ASSIGNED TASK - Somewhere below is a line with "in \<tau>(A); so" and, later, a line with "unfolding mem_sm_iff_mset_set card_2_iff"; repeat those two lines and all the lines between them, exactly as they are.

Data records
──────────────────────────────

(* Let $S=K[x_1,\ldots,x_n]$ and $A\subseteq sm(S)_2$. Then (1) $A$ is upper perfect if and only if $\omega(\overline{\tau(A)})\le 2$, where $\overline{\tau(A)}$ is the complement graph of $\tau(A)$ and $\omega$ denotes the clique number; (2) $A$ is lower perfect if and only if for each $i\in[n]$, the degree of $v_i$ in $\overline{\tau(A)}$ is less than $n-1$.
   Context: $K$ is a field and $sm(S)_d$ is the set of square-free monomials of degree $d$ in $S$. For $A\subseteq sm(S)_2$: $A$ is upper perfect if $\{gx_i\mid g\in A,\ x_i\nmid g\}=sm(S)_3$, and lower perfect if $\{h\ne 1\mid h=g/x_i \text{ for some } g\in A,\ x_i\mid g\}=sm(S)_1$. $\tau(A)$ is the graph with vertex set $\{v_1,\ldots,v_n\}$ in which $v_iv_j$ is an edge if and only if $x_ix_j\in A$. *)

theory Defs
  imports Main "HOL-Library.Multiset"
begin

text \<open>Monomials in S = K[x_1,...,x_n] are encoded as multisets of variable
indices (the exponent vector): the monomial x_{i_1}...x_{i_k} is the multiset
{#i_1,...,i_k#}. Multiplication is multiset sum, x_i divides g iff i is in g,
g/x_i is g minus one copy of i, and the monomial 1 is the empty multiset.
The field K plays no role in these purely combinatorial notions.\<close>

definition sm :: "nat \<Rightarrow> nat \<Rightarrow> nat multiset set" where
  "sm n d = {m. set_mset m \<subseteq> {1..n} \<and> (\<forall>i. count m i \<le> 1) \<and> size m = d}"

definition upper_perfect :: "nat \<Rightarrow> nat multiset set \<Rightarrow> bool" where
  "upper_perfect n A \<longleftrightarrow>
     {g + {#i#} | g i. g \<in> A \<and> i \<in> {1..n} \<and> i \<notin># g} = sm n 3"

definition lower_perfect :: "nat \<Rightarrow> nat multiset set \<Rightarrow> bool" where
  "lower_perfect n A \<longleftrightarrow>
     {h. h \<noteq> {#} \<and> (\<exists>g\<in>A. \<exists>i\<in>{1..n}. i \<in># g \<and> h = g - {#i#})} = sm n 1"

definition tau :: "nat \<Rightarrow> nat multiset set \<Rightarrow> nat \<Rightarrow> nat \<Rightarrow> bool" where
  "tau n A i j \<longleftrightarrow> i \<in> {1..n} \<and> j \<in> {1..n} \<and> i \<noteq> j \<and> {#i, j#} \<in> A"

definition complement_graph :: "'v set \<Rightarrow> ('v \<Rightarrow> 'v \<Rightarrow> bool) \<Rightarrow> 'v \<Rightarrow> 'v \<Rightarrow> bool" where
  "complement_graph V E u v \<longleftrightarrow> u \<in> V \<and> v \<in> V \<and> u \<noteq> v \<and> \<not> E u v"

definition is_clique :: "'v set \<Rightarrow> ('v \<Rightarrow> 'v \<Rightarrow> bool) \<Rightarrow> 'v set \<Rightarrow> bool" where
  "is_clique V E C \<longleftrightarrow> C \<subseteq> V \<and> (\<forall>x\<in>C. \<forall>y\<in>C. x \<noteq> y \<longrightarrow> E x y)"

definition clique_number :: "'v set \<Rightarrow> ('v \<Rightarrow> 'v \<Rightarrow> bool) \<Rightarrow> nat" where
  "clique_number V E = Max {card C | C. is_clique V E C}"

definition degree :: "'v set \<Rightarrow> ('v \<Rightarrow> 'v \<Rightarrow> bool) \<Rightarrow> 'v \<Rightarrow> nat" where
  "degree V E v = card {u \<in> V. E v u}"

end

theory Submission
  imports Defs
begin

text \<open>A square-free
  cubic x_a x_b x_c is a multiple g x_i of some g in A iff one of the three edges ab, ac, bc lies
  in \<tau>(A); so A is upper perfect iff the complement of \<tau>(A) has no triangle, i.e. has clique
  number at most 2. Dually, x_i is a quotient g / x_k of some g in A iff v_i has a neighbour in
  \<tau>(A), i.e. iff v_i is not adjacent to all n - 1 other vertices in the complement.\<close>

lemma mem_sm_iff_mset_set:
  "m \<in> sm n d \<longleftrightarrow> (\<exists>S \<subseteq> {1..n}. card S = d \<and> m = mset_set S)"
proof
  assume m: "m \<in> sm n d"
  have m_eq: "m = mset_set (set_mset m)"
  proof (rule multiset_eqI)
    fix x
    have "count m x \<le> 1" using m by (simp add: sm_def)
    then show "count m x = count (mset_set (set_mset m)) x"
      using count_eq_zero_iff[of m x] by (auto simp: count_mset_set')
  qed
  then show "\<exists>S \<subseteq> {1..n}. card S = d \<and> m = mset_set S"
  proof (intro exI conjI)
    show "card (set_mset m) = d" using m size_mset_set[of "set_mset m"] m_eq by (simp add: sm_def)
  qed (use m m_eq in \<open>auto simp: sm_def\<close>)
next
  assume "\<exists>S \<subseteq> {1..n}. card S = d \<and> m = mset_set S"
  then obtain S where S: "S \<subseteq> {1..n}" "card S = d" "m = mset_set S" by blast
  then have "finite S" by (simp add: finite_subset)
  with S show "m \<in> sm n d" by (auto simp: sm_def count_mset_set')
qed

lemma mem_sm_1: "m \<in> sm n 1 \<longleftrightarrow> (\<exists>a\<in>{1..n}. m = {#a#})"
  by (auto simp: mem_sm_iff_mset_set card_1_singleton_iff)

lemma mem_sm_2:
  "m \<in> sm n 2 \<longleftrightarrow> (\<exists>a\<in>{1..n}. \<exists>b\<in>{1..n}. a \<noteq> b \<and> m = {#a, b#})"
proof
  assume "m \<in> sm n 2"
  then obtain a b where "{a, b} \<subseteq> {1..n}" "a \<noteq> b" "m = mset_set {a, b}"
    unfolding mem_sm_iff_mset_set card_2_iff by blast
  then show "\<exists>a\<in>{1..n}. \<exists>b\<in>{1..n}. a \<noteq> b \<and> m = {#a, b#}"
    by (intro bexI[of _ a] bexI[of _ b]) auto
next
  assume "\<exists>a\<in>{1..n}. \<exists>b\<in>{1..n}. a \<noteq> b \<and> m = {#a, b#}"
  then obtain a b where "{a, b} \<subseteq> {1..n}" "a \<noteq> b" "m = mset_set {a, b}" by auto
  then show "m \<in> sm n 2"
    unfolding mem_sm_iff_mset_set by (intro exI[of _ "{a, b}"]) auto
qed

lemma mem_sm_3:
  "m \<in> sm n 3 \<longleftrightarrow>
     (\<exists>a\<in>{1..n}. \<exists>b\<in>{1..n}. \<exists>c\<in>{1..n}. distinct [a, b, c] \<and> m = {#a, b, c#})"
proof
  assume "m \<in> sm n 3"
  then obtain a b c where "{a, b, c} \<subseteq> {1..n}" "distinct [a, b, c]" "m = mset_set {a, b, c}"
    unfolding mem_sm_iff_mset_set card_3_iff by auto
  then show "\<exists>a\<in>{1..n}. \<exists>b\<in>{1..n}. \<exists>c\<in>{1..n}. distinct [a, b, c] \<and> m = {#a, b, c#}"
    by (intro bexI[of _ a] bexI[of _ b] bexI[of _ c]) auto
next
  assume "\<exists>a\<in>{1..n}. \<exists>b\<in>{1..n}. \<exists>c\<in>{1..n}. distinct [a, b, c] \<and> m = {#a, b, c#}"
  then obtain a b c where "{a, b, c} \<subseteq> {1..n}" "distinct [a, b, c]" "m = mset_set {a, b, c}"
    by auto
  then show "m \<in> sm n 3"
    unfolding mem_sm_iff_mset_set by (intro exI[of _ "{a, b, c}"]) auto
qed

lemma triple_eq_add_mset_iff:
  assumes "distinct [a, b, c]"
  shows "{#a, b, c#} = add_mset i g \<longleftrightarrow>
           i = a \<and> g = {#b, c#} \<or> i = b \<and> g = {#a, c#} \<or> i = c \<and> g = {#a, b#}"
proof
  assume eq: "{#a, b, c#} = add_mset i g"
  then have "i \<in># {#a, b, c#}" by simp
  moreover have "g = {#a, b, c#} - {#i#}" using eq by simp
  ultimately show "i = a \<and> g = {#b, c#} \<or> i = b \<and> g = {#a, c#} \<or> i = c \<and> g = {#a, b#}"
    using assms by (auto simp: add_mset_commute)
qed (auto simp: add_mset_commute)

lemma sm_1_subset_iff: "sm n 1 \<subseteq> U \<longleftrightarrow> (\<forall>a\<in>{1..n}. {#a#} \<in> U)"
  unfolding subset_iff mem_sm_1 by blast

lemma sm_3_subset_iff:
  "sm n 3 \<subseteq> U \<longleftrightarrow>
     (\<forall>a\<in>{1..n}. \<forall>b\<in>{1..n}. \<forall>c\<in>{1..n}. distinct [a, b, c] \<longrightarrow> {#a, b, c#} \<in> U)"
  unfolding subset_iff mem_sm_3 by blast

lemma upper_perfect_iff:
  assumes "A \<subseteq> sm n 2"
  shows "upper_perfect n A \<longleftrightarrow>
           (\<forall>a\<in>{1..n}. \<forall>b\<in>{1..n}. \<forall>c\<in>{1..n}.
              distinct [a, b, c] \<longrightarrow> {#a, b#} \<in> A \<or> {#a, c#} \<in> A \<or> {#b, c#} \<in> A)"
proof -
  let ?U = "{g + {#i#} | g i. g \<in> A \<and> i \<in> {1..n} \<and> i \<notin># g}"
  have "?U \<subseteq> sm n 3"
  proof
    fix m assume "m \<in> ?U"
    then obtain g i where g: "g \<in> A" "i \<in> {1..n}" "i \<notin># g" "m = g + {#i#}" by blast
    then obtain a b where "a \<in> {1..n}" "b \<in> {1..n}" "a \<noteq> b" "g = {#a, b#}"
      using assms mem_sm_2 by blast
    with g show "m \<in> sm n 3"
      unfolding mem_sm_3 by (intro bexI[of _ a] bexI[of _ b] bexI[of _ i]) auto
  qed
  then have "upper_perfect n A \<longleftrightarrow> sm n 3 \<subseteq> ?U"
    unfolding upper_perfect_def by (simp only: set_eq_subset simp_thms)
  also have "\<dots> \<longleftrightarrow> (\<forall>a\<in>{1..n}. \<forall>b\<in>{1..n}. \<forall>c\<in>{1..n}.
              distinct [a, b, c] \<longrightarrow> {#a, b#} \<in> A \<or> {#a, c#} \<in> A \<or> {#b, c#} \<in> A)"
    unfolding sm_3_subset_iff
  proof (intro ball_cong refl imp_cong)
    fix a b c assume "distinct [a, b, c]" "c \<in> {1..n}" "b \<in> {1..n}" "a \<in> {1..n}"
    then show "{#a, b, c#} \<in> ?U \<longleftrightarrow> {#a, b#} \<in> A \<or> {#a, c#} \<in> A \<or> {#b, c#} \<in> A"
      by (auto simp: triple_eq_add_mset_iff conj_disj_distribR ex_disj_distrib)
  qed
  finally show ?thesis .
qed

lemma lower_perfect_iff:
  assumes "A \<subseteq> sm n 2"
  shows "lower_perfect n A \<longleftrightarrow> (\<forall>i\<in>{1..n}. \<exists>j. {#i, j#} \<in> A)"
proof -
  let ?L = "{h. h \<noteq> {#} \<and> (\<exists>g\<in>A. \<exists>k\<in>{1..n}. k \<in># g \<and> h = g - {#k#})}"
  have "?L \<subseteq> sm n 1"
  proof
    fix h assume "h \<in> ?L"
    then obtain g k where g: "g \<in> A" "k \<in># g" "h = g - {#k#}" by blast
    then obtain a b where "a \<in> {1..n}" "b \<in> {1..n}" "a \<noteq> b" "g = {#a, b#}"
      using assms mem_sm_2 by blast
    with g show "h \<in> sm n 1"
      unfolding mem_sm_1 by (auto simp: add_mset_commute)
  qed
  then have "lower_perfect n A \<longleftrightarrow> sm n 1 \<subseteq> ?L"
    unfolding lower_perfect_def by (simp only: set_eq_subset simp_thms)
  also have "\<dots> \<longleftrightarrow> (\<forall>i\<in>{1..n}. \<exists>j. {#i, j#} \<in> A)"
    unfolding sm_1_subset_iff
  proof (intro ball_cong refl iffI)
    fix i assume "{#i#} \<in> ?L"
    then obtain g k where "g \<in> A" "k \<in># g" "g - {#k#} = {#i#}" by auto
    then show "\<exists>j. {#i, j#} \<in> A"
      by (auto simp: diff_single_eq_union add_mset_commute)
  next
    fix i assume "\<exists>j. {#i, j#} \<in> A"
    then obtain j where j: "{#i, j#} \<in> A" by blast
    then have "j \<in> {1..n}" using assms by (auto simp: sm_def)
    with j show "{#i#} \<in> ?L"
      by (auto simp: add_mset_commute intro!: bexI[of _ "{#i, j#}"] bexI[of _ j])
  qed
  finally show ?thesis .
qed

lemma is_clique_subset: "is_clique V E C \<Longrightarrow> D \<subseteq> C \<Longrightarrow> is_clique V E D"
  by (auto simp: is_clique_def)

lemma clique_number_le_iff:
  assumes "finite V"
  shows "clique_number V E \<le> k \<longleftrightarrow> (\<forall>C. is_clique V E C \<longrightarrow> card C \<le> k)"
proof -
  have "{card C | C. is_clique V E C} \<subseteq> card ` Pow V"
    by (auto simp: is_clique_def)
  then have "finite {card C | C. is_clique V E C}"
    using assms finite_subset by blast
  moreover have "is_clique V E {}" by (simp add: is_clique_def)
  ultimately show ?thesis
    unfolding clique_number_def by (subst Max_le_iff) auto
qed

lemma clique_number_le_2_iff:
  assumes "finite V" and sym: "\<And>x y. E x y \<Longrightarrow> E y x"
  shows "clique_number V E \<le> 2 \<longleftrightarrow>
           \<not> (\<exists>a\<in>V. \<exists>b\<in>V. \<exists>c\<in>V. distinct [a, b, c] \<and> E a b \<and> E a c \<and> E b c)"
  unfolding clique_number_le_iff[OF assms(1)]
proof safe
  fix a b c assume "\<forall>C. is_clique V E C \<longrightarrow> card C \<le> 2"
    and "a \<in> V" "b \<in> V" "c \<in> V" "distinct [a, b, c]" "E a b" "E a c" "E b c"
  moreover from this have "is_clique V E {a, b, c}"
    using sym unfolding is_clique_def by blast
  ultimately show False by fastforce
next
  fix C assume triangle_free:
    "\<not> (\<exists>a\<in>V. \<exists>b\<in>V. \<exists>c\<in>V. distinct [a, b, c] \<and> E a b \<and> E a c \<and> E b c)"
    and C: "is_clique V E C"
  show "card C \<le> 2"
  proof (rule ccontr)
    assume "\<not> card C \<le> 2"
    then obtain D where "D \<subseteq> C" "card D = 3"
      using obtain_subset_with_card_n[of 3 C] by force
    then obtain a b c where "D = {a, b, c}" "distinct [a, b, c]" "is_clique V E {a, b, c}"
      using C is_clique_subset unfolding card_3_iff by fastforce
    with triangle_free show False by (auto simp: is_clique_def)
  qed
qed

lemma degree_complement_graph_less_iff:
  assumes "finite V" "v \<in> V"
  shows "degree V (complement_graph V E) v < card V - 1 \<longleftrightarrow> (\<exists>u\<in>V. u \<noteq> v \<and> E v u)"
proof -
  let ?N = "{u \<in> V. complement_graph V E v u}"
  have N: "?N = V - {v} - {u. E v u}"
    using assms(2) by (auto simp: complement_graph_def)
  have N_sub: "?N \<subseteq> V - {v}"
    unfolding N by blast
  have "degree V (complement_graph V E) v < card V - 1 \<longleftrightarrow> card ?N < card (V - {v})"
    using assms by (simp add: degree_def)
  also have "\<dots> \<longleftrightarrow> ?N \<subset> V - {v}"
    using assms(1) N_sub by (metis card_psubset finite_Diff psubset_card_mono)
  also have "\<dots> \<longleftrightarrow> (\<exists>u\<in>V. u \<noteq> v \<and> E v u)"
    unfolding N by auto
  finally show ?thesis .
qed

lemma tau_iff:
  assumes "A \<subseteq> sm n 2"
  shows "tau n A i j \<longleftrightarrow> {#i, j#} \<in> A"
proof
  assume ij: "{#i, j#} \<in> A"
  then have "{#i, j#} \<in> sm n 2" using assms by blast
  with ij show "tau n A i j"
    unfolding tau_def sm_def by (auto dest: spec[of _ i])
qed (simp add: tau_def)

theorem proposition4p3:
  fixes n :: nat and A :: "nat multiset set"
  assumes "A \<subseteq> sm n 2"
  shows "(upper_perfect n A \<longleftrightarrow>
            clique_number {1..n} (complement_graph {1..n} (tau n A)) \<le> 2)
       \<and> (lower_perfect n A \<longleftrightarrow>
            (\<forall>i\<in>{1..n}. degree {1..n} (complement_graph {1..n} (tau n A)) i < n - 1))"
proof -
  let ?G = "complement_graph {1..n} (tau n A)"
  have G_iff: "?G a b \<longleftrightarrow> a \<in> {1..n} \<and> b \<in> {1..n} \<and> a \<noteq> b \<and> {#a, b#} \<notin> A" for a b
    by (simp add: complement_graph_def tau_iff[OF assms])
  have "?G a b \<Longrightarrow> ?G b a" for a b
    unfolding G_iff by (auto simp: add_mset_commute)
  then have "clique_number {1..n} ?G \<le> 2 \<longleftrightarrow>
      \<not> (\<exists>a\<in>{1..n}. \<exists>b\<in>{1..n}. \<exists>c\<in>{1..n}. distinct [a, b, c] \<and> ?G a b \<and> ?G a c \<and> ?G b c)"
    by (rule clique_number_le_2_iff[OF finite_atLeastAtMost])
  then have upper: "upper_perfect n A \<longleftrightarrow> clique_number {1..n} ?G \<le> 2"
    unfolding upper_perfect_iff[OF assms] G_iff by auto
  have "(\<exists>j. {#i, j#} \<in> A) \<longleftrightarrow> degree {1..n} ?G i < n - 1" if "i \<in> {1..n}" for i
  proof -
    have "(\<exists>j. {#i, j#} \<in> A) \<longleftrightarrow> (\<exists>j. tau n A i j)"
      by (simp add: tau_iff[OF assms])
    also have "\<dots> \<longleftrightarrow> (\<exists>j\<in>{1..n}. j \<noteq> i \<and> tau n A i j)"
      by (auto simp: tau_def)
    finally show ?thesis
      using degree_complement_graph_less_iff[OF finite_atLeastAtMost that] by simp
  qed
  then have lower: "lower_perfect n A \<longleftrightarrow> (\<forall>i\<in>{1..n}. degree {1..n} ?G i < n - 1)"
    by (simp add: lower_perfect_iff[OF assms])
  from upper lower show ?thesis ..
qed

end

──────────────────────────────

SOLUTION TO THE PROBLEM -
  in \<tau>(A); so A is upper perfect iff the complement of \<tau>(A) has no triangle, i.e. has clique
  number at most 2. Dually, x_i is a quotient g / x_k of some g in A iff v_i has a neighbour in
  \<tau>(A), i.e. iff v_i is not adjacent to all n - 1 other vertices in the complement.\<close>

lemma mem_sm_iff_mset_set:
  "m \<in> sm n d \<longleftrightarrow> (\<exists>S \<subseteq> {1..n}. card S = d \<and> m = mset_set S)"
proof
  assume m: "m \<in> sm n d"
  have m_eq: "m = mset_set (set_mset m)"
  proof (rule multiset_eqI)
    fix x
    have "count m x \<le> 1" using m by (simp add: sm_def)
    then show "count m x = count (mset_set (set_mset m)) x"
      using count_eq_zero_iff[of m x] by (auto simp: count_mset_set')
  qed
  then show "\<exists>S \<subseteq> {1..n}. card S = d \<and> m = mset_set S"
  proof (intro exI conjI)
    show "card (set_mset m) = d" using m size_mset_set[of "set_mset m"] m_eq by (simp add: sm_def)
  qed (use m m_eq in \<open>auto simp: sm_def\<close>)
next
  assume "\<exists>S \<subseteq> {1..n}. card S = d \<and> m = mset_set S"
  then obtain S where S: "S \<subseteq> {1..n}" "card S = d" "m = mset_set S" by blast
  then have "finite S" by (simp add: finite_subset)
  with S show "m \<in> sm n d" by (auto simp: sm_def count_mset_set')
qed

lemma mem_sm_1: "m \<in> sm n 1 \<longleftrightarrow> (\<exists>a\<in>{1..n}. m = {#a#})"
  by (auto simp: mem_sm_iff_mset_set card_1_singleton_iff)

lemma mem_sm_2:
  "m \<in> sm n 2 \<longleftrightarrow> (\<exists>a\<in>{1..n}. \<exists>b\<in>{1..n}. a \<noteq> b \<and> m = {#a, b#})"
proof
  assume "m \<in> sm n 2"
  then obtain a b where "{a, b} \<subseteq> {1..n}" "a \<noteq> b" "m = mset_set {a, b}"
    unfolding mem_sm_iff_mset_set card_2_iff by blast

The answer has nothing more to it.